__ABOUT THIS EXERCISE__:
Repeat exactly the lines below that lie between the line with "arccos (cmod (cinner" and the line with "x u) = cmod", counting both of those lines as part of the answer.

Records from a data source
——

lemma cinner_zero_right [simp]: "cinner x 0 = 0"
  by (simp add: cinner_def)

lemma cinner_zero_left [simp]: "cinner 0 x = 0"
  by (simp add: cinner_def)

lemma cinner_diff_right: "cinner x (y - z) = cinner x y - cinner x z"
  by (simp add: cinner_def right_diff_distrib sum_subtractf)

lemma cinner_scale_right: "cinner x (c *s y) = c * cinner x y"
  by (simp add: cinner_def sum_distrib_left algebra_simps)

lemma cinner_scale_left: "cinner (c *s x) y = cnj c * cinner x y"
  by (simp add: cinner_def sum_distrib_left algebra_simps)

lemma cinner_sum_right: "cinner x (\<Sum>k\<in>S. f k) = (\<Sum>k\<in>S. cinner x (f k))"
  by (induction S rule: infinite_finite_induct) (simp_all add: cinner_add_right)

lemma cinner_sum_left: "cinner (\<Sum>k\<in>S. f k) x = (\<Sum>k\<in>S. cinner (f k) x)"
  by (induction S rule: infinite_finite_induct) (simp_all add: cinner_add_left)

lemma cinner_commute: "cinner y x = cnj (cinner x y)"
  by (simp add: cinner_def mult.commute)

lemma cinner_self: "cinner x x = complex_of_real (norm x ^ 2)"
proof -
  have "norm x ^ 2 = (\<Sum>i\<in>UNIV. cmod (x $ i) ^ 2)"
    unfolding norm_vec_def L2_set_def by (simp add: sum_nonneg)
  also have "complex_of_real \<dots> = (\<Sum>i\<in>UNIV. cnj (x $ i) * x $ i)"
    by (simp add: complex_norm_square[symmetric] mult.commute)
  finally show ?thesis
    unfolding cinner_def by simp
qed

definition proj_perp :: "complex ^ 'n \<Rightarrow> complex ^ 'n \<Rightarrow> complex ^ 'n" where
  "proj_perp u x = x - cinner u x *s u"

lemma proj_perp_add: "proj_perp u (x + y) = proj_perp u x + proj_perp u y"
  by (simp add: proj_perp_def cinner_add_right vector_sadd_rdistrib)

lemma norm_pythagoras_proj:
  assumes "norm u = 1"
  shows "norm x ^ 2 = cmod (cinner u x) ^ 2 + norm (proj_perp u x) ^ 2"
proof -
  define a where "a = cinner u x"
  define p where "p = proj_perp u x"
  have uu: "cinner u u = 1"
    using assms by (simp add: cinner_self)
  have up: "cinner u p = 0" and pu: "cinner p u = 0"
    using cinner_commute[of p u]
    by (simp_all add: p_def a_def proj_perp_def cinner_diff_right cinner_scale_right uu)
  have "complex_of_real (norm x ^ 2) = cinner (p + a *s u) (p + a *s u)"
    by (simp add: cinner_self p_def a_def proj_perp_def)
  also have "\<dots> = cinner p p + cnj a * a"
    by (simp add: cinner_add_left cinner_add_right cinner_scale_left cinner_scale_right up pu uu)
  also have "\<dots> = complex_of_real (norm p ^ 2 + cmod a ^ 2)"
    by (simp add: cinner_self complex_norm_square[symmetric] mult.commute)
  finally show ?thesis
    unfolding p_def a_def by (simp only: of_real_eq_iff add.commute)
qed

lemma cmod_cinner_le_norm:
  assumes "norm u = 1"
  shows "cmod (cinner u x) \<le> norm x"
proof (rule power2_le_imp_le)
  show "cmod (cinner u x) ^ 2 \<le> norm x ^ 2"
    using norm_pythagoras_proj[OF assms, of x] by simp
qed simp

lemma norm_proj_perp_le:
  assumes "norm u = 1"
  shows "norm (proj_perp u x) \<le> norm x"
proof (rule power2_le_imp_le)
  show "norm (proj_perp u x) ^ 2 \<le> norm x ^ 2"
    using norm_pythagoras_proj[OF assms, of x] by simp
qed simp

lemma cmod_cinner_div_norm_bounds:
  assumes "norm u = 1"
  shows "-1 \<le> cmod (cinner u x) / norm x" "cmod (cinner u x) / norm x \<le> 1"
proof -
  have "0 \<le> cmod (cinner u x) / norm x"
    by simp
  then show "-1 \<le> cmod (cinner u x) / norm x"
    by linarith
  show "cmod (cinner u x) / norm x \<le> 1"
    using cmod_cinner_le_norm[OF assms, of x] by (auto simp: divide_le_eq_1)
qed

lemma vangle_unit_right:
  assumes "norm u = 1"
  shows "vangle x u = arccos (cmod (cinner u x) / norm x)"
  using assms by (simp add: vangle_def cinner_commute[of x u])

lemma cos_vangle_unit_right:
  assumes "norm u = 1" "x \<noteq> 0"
  shows "cos (vangle x u) = cmod (cinner u x) / norm x"
  using cos_arccos[OF cmod_cinner_div_norm_bounds[OF assms(1)]]
  by (simp add: vangle_unit_right[OF assms(1)])

lemma sin_vangle_unit_right:
  assumes "norm u = 1" "x \<noteq> 0"
  shows "sin (vangle x u) = norm (proj_perp u x) / norm x"
proof -
  have "sin (vangle x u) = sqrt (1 - (cmod (cinner u x) / norm x) ^ 2)"
    using sin_arccos[OF cmod_cinner_div_norm_bounds[OF assms(1)]]
    by (simp add: vangle_unit_right[OF assms(1)])
  also have "1 - (cmod (cinner u x) / norm x) ^ 2 = (norm x ^ 2 - cmod (cinner u x) ^ 2) / norm x ^ 2"
    using assms(2) by (simp add: power_divide diff_divide_distrib)
  also have "norm x ^ 2 - cmod (cinner u x) ^ 2 = norm (proj_perp u x) ^ 2"
    using norm_pythagoras_proj[OF assms(1), of x] by simp
  also have "norm (proj_perp u x) ^ 2 / norm x ^ 2 = (norm (proj_perp u x) / norm x) ^ 2"
    by (simp add: power_divide)
  finally show ?thesis
    by simp
qed

text \<open>The cross-multiplied form of \<open>tan (vangle x u) < tan (vangle y u)\<close>, which needs no
  nonvanishing hypotheses: it already forces \<open>x\<close> and \<open>y\<close> to be nonzero.\<close>
lemma vangle_less_vangle:
  assumes u: "norm u = 1"
    and tan_less: "norm (proj_perp u x) * cmod (cinner u y) < norm (proj_perp u y) * cmod (cinner u x)"
  shows "vangle x u < vangle y u"
proof -
  define a where "a = cmod (cinner u x)"
  define b where "b = norm (proj_perp u x)"
  define c where "c = cmod (cinner u y)"
  define d where "d = norm (proj_perp u y)"
  have x: "norm x ^ 2 = a ^ 2 + b ^ 2" and y: "norm y ^ 2 = c ^ 2 + d ^ 2"
    unfolding a_def b_def c_def d_def by (rule norm_pythagoras_proj[OF u])+
  have bc_less: "b * c < d * a"
    using tan_less unfolding a_def b_def c_def d_def .
  have nonneg: "0 \<le> a" "0 \<le> b" "0 \<le> c" "0 \<le> d"
    unfolding a_def b_def c_def d_def by simp_all
  then have "0 < d * a"
    using bc_less mult_nonneg_nonneg[of b c] by linarith
  then have "0 < a" "0 < d"
    using nonneg by (simp_all add: zero_less_mult_iff)
  then have "x \<noteq> 0" "y \<noteq> 0"
    unfolding a_def d_def proj_perp_def by auto
  then have pos: "0 < norm x" "0 < norm y"
    by simp_all
  have "(c * norm x) ^ 2 < (a * norm y) ^ 2"
  proof -
    have "(c * norm x) ^ 2 = c ^ 2 * a ^ 2 + (b * c) ^ 2"
      by (simp add: x power_mult_distrib algebra_simps)
    also have "\<dots> < c ^ 2 * a ^ 2 + (d * a) ^ 2"
      using bc_less nonneg by (simp add: power_strict_mono)
    also have "\<dots> = (a * norm y) ^ 2"
      by (simp add: y power_mult_distrib algebra_simps)
    finally show ?thesis .
  qed
  then have "c * norm x < a * norm y"
    using nonneg by (simp add: power_less_imp_less_base)
  then have "c / norm y < a / norm x"
    using pos by (simp add: field_simps)
  moreover have "0 \<le> c / norm y" "a / norm x \<le> 1"
    using cmod_cinner_div_norm_bounds[OF u, of x] nonneg unfolding a_def by simp_all
  ultimately have "arccos (a / norm x) < arccos (c / norm y)"
    by (intro arccos_less_arccos) simp_all
  then show ?thesis
    by (simp only: vangle_unit_right[OF u] a_def c_def)
qed

lemma cinner_orthonormal_sum:
  fixes psi :: "nat \<Rightarrow> complex ^ 'n"
  assumes orth: "\<And>i j. i < N \<Longrightarrow> j < N \<Longrightarrow> cinner (psi i) (psi j) = (if i = j then 1 else 0)"
    and S: "S \<subseteq> {..<N}" and m: "m \<in> S"
  shows "cinner (psi m) (\<Sum>k\<in>S. al k *s psi k) = al m"
proof -
  have "cinner (psi m) (\<Sum>k\<in>S. al k *s psi k) = (\<Sum>k\<in>S. if m = k then al k else 0)"
    using S m by (intro trans[OF cinner_sum_right] sum.cong) (auto simp: cinner_scale_right orth subset_iff)
  also have "\<dots> = al m"
    using finite_subset[OF S] m by simp
  finally show ?thesis .
qed

lemma norm_orthonormal_sum:
  fixes psi :: "nat \<Rightarrow> complex ^ 'n"
  assumes orth: "\<And>i j. i < N \<Longrightarrow> j < N \<Longrightarrow> cinner (psi i) (psi j) = (if i = j then 1 else 0)"
    and S: "S \<subseteq> {..<N}"
  shows "norm (\<Sum>k\<in>S. al k *s psi k) ^ 2 = (\<Sum>k\<in>S. cmod (al k) ^ 2)"
proof -
  have "complex_of_real (norm (\<Sum>k\<in>S. al k *s psi k) ^ 2)
      = cinner (\<Sum>k\<in>S. al k *s psi k) (\<Sum>k\<in>S. al k *s psi k)"
    by (simp only: cinner_self)
  also have "\<dots> = (\<Sum>k\<in>S. cnj (al k) * cinner (psi k) (\<Sum>k\<in>S. al k *s psi k))"
    by (simp add: cinner_sum_left cinner_scale_left)
  also have "\<dots> = (\<Sum>k\<in>S. complex_of_real (cmod (al k) ^ 2))"
    by (rule sum.cong) (simp_all add: cinner_orthonormal_sum[OF orth S] complex_norm_square[symmetric] mult.commute)
  finally show ?thesis
    by (metis of_real_eq_iff of_real_sum)
qed

lemma proj_perp_orthonormal_sum:
  fixes psi :: "nat \<Rightarrow> complex ^ 'n"
  assumes orth: "\<And>i j. i < N \<Longrightarrow> j < N \<Longrightarrow> cinner (psi i) (psi j) = (if i = j then 1 else 0)"
    and N: "0 < N"
  shows "proj_perp (psi 0) (\<Sum>k<N. al k *s psi k) = (\<Sum>k\<in>{1..<N}. al k *s psi k)"
proof -
  have "(\<Sum>k<N. al k *s psi k) = al 0 *s psi 0 + (\<Sum>k\<in>{1..<N}. al k *s psi k)"
    using N by (simp add: lessThan_atLeast0 sum.atLeast_Suc_lessThan)
  moreover have "cinner (psi 0) (\<Sum>k<N. al k *s psi k) = al 0"
    using N by (intro cinner_orthonormal_sum[OF orth]) auto
  ultimately show ?thesis
    by (simp add: proj_perp_def)
qed

text \<open>The matrix \<open>U\<close> whose columns are the \<open>psi k\<close> satisfies \<open>U\<^sup>* U = 1\<close> by
  orthonormality; being square, also \<open>U U\<^sup>* = 1\<close>, which is the expansion.\<close>
lemma orthonormal_expansion:
  fixes psi :: "nat \<Rightarrow> complex ^ 'n"
  assumes orth: "\<And>i j. i < CARD('n) \<Longrightarrow> j < CARD('n) \<Longrightarrow>
                   cinner (psi i) (psi j) = (if i = j then 1 else 0)"
  shows "x = (\<Sum>k<CARD('n). cinner (psi k) x *s psi k)"
proof -
  obtain g where g: "bij_betw g (UNIV :: 'n set) {0..<CARD('n)}"
    using ex_bij_betw_finite_nat[of "UNIV :: 'n set"] by auto
  then have g_less: "g k < CARD('n)" and g_eq_iff: "g k = g l \<longleftrightarrow> k = l" for k l
    by (auto simp: bij_betw_def inj_on_def)
  define U :: "complex ^ 'n ^ 'n" where "U = (\<chi> j k. psi (g k) $ j)"
  define U' :: "complex ^ 'n ^ 'n" where "U' = (\<chi> k j. cnj (psi (g k) $ j))"
  have "(U' ** U) $ k $ l = cinner (psi (g k)) (psi (g l))" for k l
    by (simp add: matrix_matrix_mult_def U_def U'_def cinner_def)
  then have "U' ** U = mat 1"
    by (simp add: vec_eq_iff mat_def orth g_less g_eq_iff)
  then have "U ** U' = mat 1"
    by (simp add: matrix_left_right_inverse)
  have expand: "x $ j = (\<Sum>k\<in>UNIV. cinner (psi (g k)) x * psi (g k) $ j)" for j
  proof -
    have "x $ j = (U *v (U' *v x)) $ j"
      using \<open>U ** U' = mat 1\<close> by (simp add: matrix_vector_mul_assoc)
    also have "\<dots> = (\<Sum>k\<in>UNIV. cinner (psi (g k)) x * psi (g k) $ j)"
      by (simp add: matrix_vector_mult_def U_def U'_def cinner_def mult.commute)
    finally show ?thesis .
  qed
  have reindex: "(\<Sum>k\<in>UNIV. cinner (psi (g k)) x * psi (g k) $ j)
      = (\<Sum>k<CARD('n). cinner (psi k) x * psi k $ j)" for j
    using sum.reindex_bij_betw[OF g, of "\<lambda>k. cinner (psi k) x * psi k $ j"]
    by (simp add: lessThan_atLeast0)
  show ?thesis
    using expand reindex by (simp add: vec_eq_iff sum_component)
qed

lemma matrix_vector_mult_sum: "A *v (\<Sum>k\<in>S. f k) = (\<Sum>k\<in>S. A *v f k)"
  by (induction S rule: infinite_finite_induct) (simp_all add: matrix_vector_right_distrib)

locale orthonormal_eigenbasis =
  fixes A :: "complex ^ 'n ^ 'n"
    and psi :: "nat \<Rightarrow> complex ^ 'n"
    and lam :: "nat \<Rightarrow> complex"
  assumes orthonormal: "\<And>i j. i < CARD('n) \<Longrightarrow> j < CARD('n) \<Longrightarrow>
                          cinner (psi i) (psi j) = (if i = j then 1 else 0)"
    and eigen: "\<And>i. i < CARD('n) \<Longrightarrow> A *v psi i = lam i *s psi i"
begin

lemma norm_psi:
  assumes "k < CARD('n)"
  shows "norm (psi k) = 1"
proof -
  have "norm (psi k) ^ 2 = 1"
    using orthonormal[OF assms assms] by (metis cinner_self of_real_eq_1_iff)
  then show ?thesis
    using norm_ge_zero[of "psi k"] by (auto simp: power2_eq_1_iff)
qed

lemma mult_eigenbasis_expansion:
  "A *v x = (\<Sum>k<CARD('n). (lam k * cinner (psi k) x) *s psi k)"
proof -
  have "A *v x = A *v (\<Sum>k<CARD('n). cinner (psi k) x *s psi k)"
    by (rule arg_cong[where f = "(*v) A"]) (rule orthonormal_expansion[OF orthonormal])
  also have "\<dots> = (\<Sum>k<CARD('n). A *v (cinner (psi k) x *s psi k))"
    by (rule matrix_vector_mult_sum)
  also have "\<dots> = (\<Sum>k<CARD('n). (lam k * cinner (psi k) x) *s psi k)"
    by (intro sum.cong) (simp_all add: vector_scalar_commute eigen mult.commute)
  finally show ?thesis .
qed

lemma cinner_psi_mult:
  assumes "m < CARD('n)"
  shows "cinner (psi m) (A *v x) = lam m * cinner (psi m) x"
  unfolding mult_eigenbasis_expansion using assms
  by (intro cinner_orthonormal_sum[OF orthonormal]) auto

——

__ANSWER TO THIS EXERCISE__:
  shows "vangle x u = arccos (cmod (cinner u x) / norm x)"
  using assms by (simp add: vangle_def cinner_commute[of x u])

lemma cos_vangle_unit_right:
  assumes "norm u = 1" "x \<noteq> 0"
  shows "cos (vangle x u) = cmod (cinner u x) / norm x"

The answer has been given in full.